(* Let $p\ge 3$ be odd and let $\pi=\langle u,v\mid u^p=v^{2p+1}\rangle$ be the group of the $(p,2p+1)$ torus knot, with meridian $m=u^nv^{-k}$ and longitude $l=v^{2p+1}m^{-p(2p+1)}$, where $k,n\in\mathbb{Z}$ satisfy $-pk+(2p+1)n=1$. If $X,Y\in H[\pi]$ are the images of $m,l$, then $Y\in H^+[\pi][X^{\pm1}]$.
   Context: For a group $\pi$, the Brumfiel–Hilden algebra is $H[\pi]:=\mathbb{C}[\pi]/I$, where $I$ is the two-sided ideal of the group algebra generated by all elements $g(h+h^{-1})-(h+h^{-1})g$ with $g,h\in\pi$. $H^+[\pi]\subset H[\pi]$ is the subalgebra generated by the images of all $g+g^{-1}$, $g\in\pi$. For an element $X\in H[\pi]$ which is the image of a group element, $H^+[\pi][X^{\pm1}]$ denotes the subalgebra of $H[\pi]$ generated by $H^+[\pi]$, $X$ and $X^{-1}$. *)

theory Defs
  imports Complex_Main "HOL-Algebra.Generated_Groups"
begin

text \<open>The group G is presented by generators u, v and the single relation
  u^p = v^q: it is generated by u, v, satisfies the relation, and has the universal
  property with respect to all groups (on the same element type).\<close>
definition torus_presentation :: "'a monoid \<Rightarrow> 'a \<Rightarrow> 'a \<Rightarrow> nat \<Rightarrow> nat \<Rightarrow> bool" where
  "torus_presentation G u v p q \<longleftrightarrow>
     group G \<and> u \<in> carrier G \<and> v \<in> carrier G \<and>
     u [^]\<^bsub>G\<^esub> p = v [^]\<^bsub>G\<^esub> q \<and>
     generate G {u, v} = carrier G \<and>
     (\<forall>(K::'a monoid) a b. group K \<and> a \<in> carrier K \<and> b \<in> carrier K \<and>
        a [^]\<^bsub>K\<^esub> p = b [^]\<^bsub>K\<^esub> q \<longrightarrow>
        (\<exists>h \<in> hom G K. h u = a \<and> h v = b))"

· · · · · · ·

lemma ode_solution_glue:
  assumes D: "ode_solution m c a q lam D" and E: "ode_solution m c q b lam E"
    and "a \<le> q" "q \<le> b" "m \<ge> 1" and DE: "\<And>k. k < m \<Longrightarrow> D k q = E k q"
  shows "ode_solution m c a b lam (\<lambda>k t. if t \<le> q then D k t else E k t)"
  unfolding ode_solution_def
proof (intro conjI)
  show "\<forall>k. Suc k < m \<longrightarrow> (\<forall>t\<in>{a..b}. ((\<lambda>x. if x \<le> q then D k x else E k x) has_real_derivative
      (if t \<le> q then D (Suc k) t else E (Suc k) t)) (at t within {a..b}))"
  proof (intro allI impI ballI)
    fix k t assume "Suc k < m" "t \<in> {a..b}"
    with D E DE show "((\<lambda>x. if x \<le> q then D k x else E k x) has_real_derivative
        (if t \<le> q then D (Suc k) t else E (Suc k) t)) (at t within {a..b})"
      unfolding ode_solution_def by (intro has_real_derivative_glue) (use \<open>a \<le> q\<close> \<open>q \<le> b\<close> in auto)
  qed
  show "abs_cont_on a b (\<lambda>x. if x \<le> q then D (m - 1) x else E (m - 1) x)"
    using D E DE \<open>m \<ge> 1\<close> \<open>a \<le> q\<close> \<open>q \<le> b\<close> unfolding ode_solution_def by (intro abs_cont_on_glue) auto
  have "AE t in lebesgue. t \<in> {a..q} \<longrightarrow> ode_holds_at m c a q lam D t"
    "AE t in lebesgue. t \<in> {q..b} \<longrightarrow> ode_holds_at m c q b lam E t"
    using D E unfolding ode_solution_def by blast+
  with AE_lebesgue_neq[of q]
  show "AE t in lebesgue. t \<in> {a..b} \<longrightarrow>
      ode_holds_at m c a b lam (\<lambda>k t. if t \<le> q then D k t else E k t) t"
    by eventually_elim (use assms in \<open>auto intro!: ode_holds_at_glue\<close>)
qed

· · · · · · ·

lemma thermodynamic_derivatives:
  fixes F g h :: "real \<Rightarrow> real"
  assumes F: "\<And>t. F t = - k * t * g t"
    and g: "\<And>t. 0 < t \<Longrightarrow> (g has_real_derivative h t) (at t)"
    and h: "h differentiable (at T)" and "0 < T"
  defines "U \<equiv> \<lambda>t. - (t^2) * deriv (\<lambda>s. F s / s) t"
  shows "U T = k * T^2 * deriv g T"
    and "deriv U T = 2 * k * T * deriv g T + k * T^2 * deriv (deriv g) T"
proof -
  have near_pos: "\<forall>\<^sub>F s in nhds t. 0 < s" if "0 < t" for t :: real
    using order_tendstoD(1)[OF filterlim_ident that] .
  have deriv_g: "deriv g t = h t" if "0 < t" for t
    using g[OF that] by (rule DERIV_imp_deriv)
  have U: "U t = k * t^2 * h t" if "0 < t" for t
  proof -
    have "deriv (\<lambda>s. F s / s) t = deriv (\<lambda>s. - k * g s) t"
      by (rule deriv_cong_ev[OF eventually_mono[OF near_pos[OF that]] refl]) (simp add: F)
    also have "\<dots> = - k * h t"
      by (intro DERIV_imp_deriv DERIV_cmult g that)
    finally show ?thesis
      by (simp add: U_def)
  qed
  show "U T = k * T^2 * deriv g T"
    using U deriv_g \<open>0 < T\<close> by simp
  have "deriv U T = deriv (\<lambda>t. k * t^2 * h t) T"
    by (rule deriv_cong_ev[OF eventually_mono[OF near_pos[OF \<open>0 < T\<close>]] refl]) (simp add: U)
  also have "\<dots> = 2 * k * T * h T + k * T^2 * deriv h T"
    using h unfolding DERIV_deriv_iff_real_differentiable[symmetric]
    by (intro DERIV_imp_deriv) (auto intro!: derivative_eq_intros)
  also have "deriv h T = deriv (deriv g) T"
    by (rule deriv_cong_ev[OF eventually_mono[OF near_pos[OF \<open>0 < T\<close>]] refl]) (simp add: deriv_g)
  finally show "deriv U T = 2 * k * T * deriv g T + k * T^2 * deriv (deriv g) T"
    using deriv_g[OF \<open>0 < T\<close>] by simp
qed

· · · · · · ·

Exercise instructions -
Only a number is wanted here: how many lines in the entries contain the word "assumes"?

Exercise solution -
2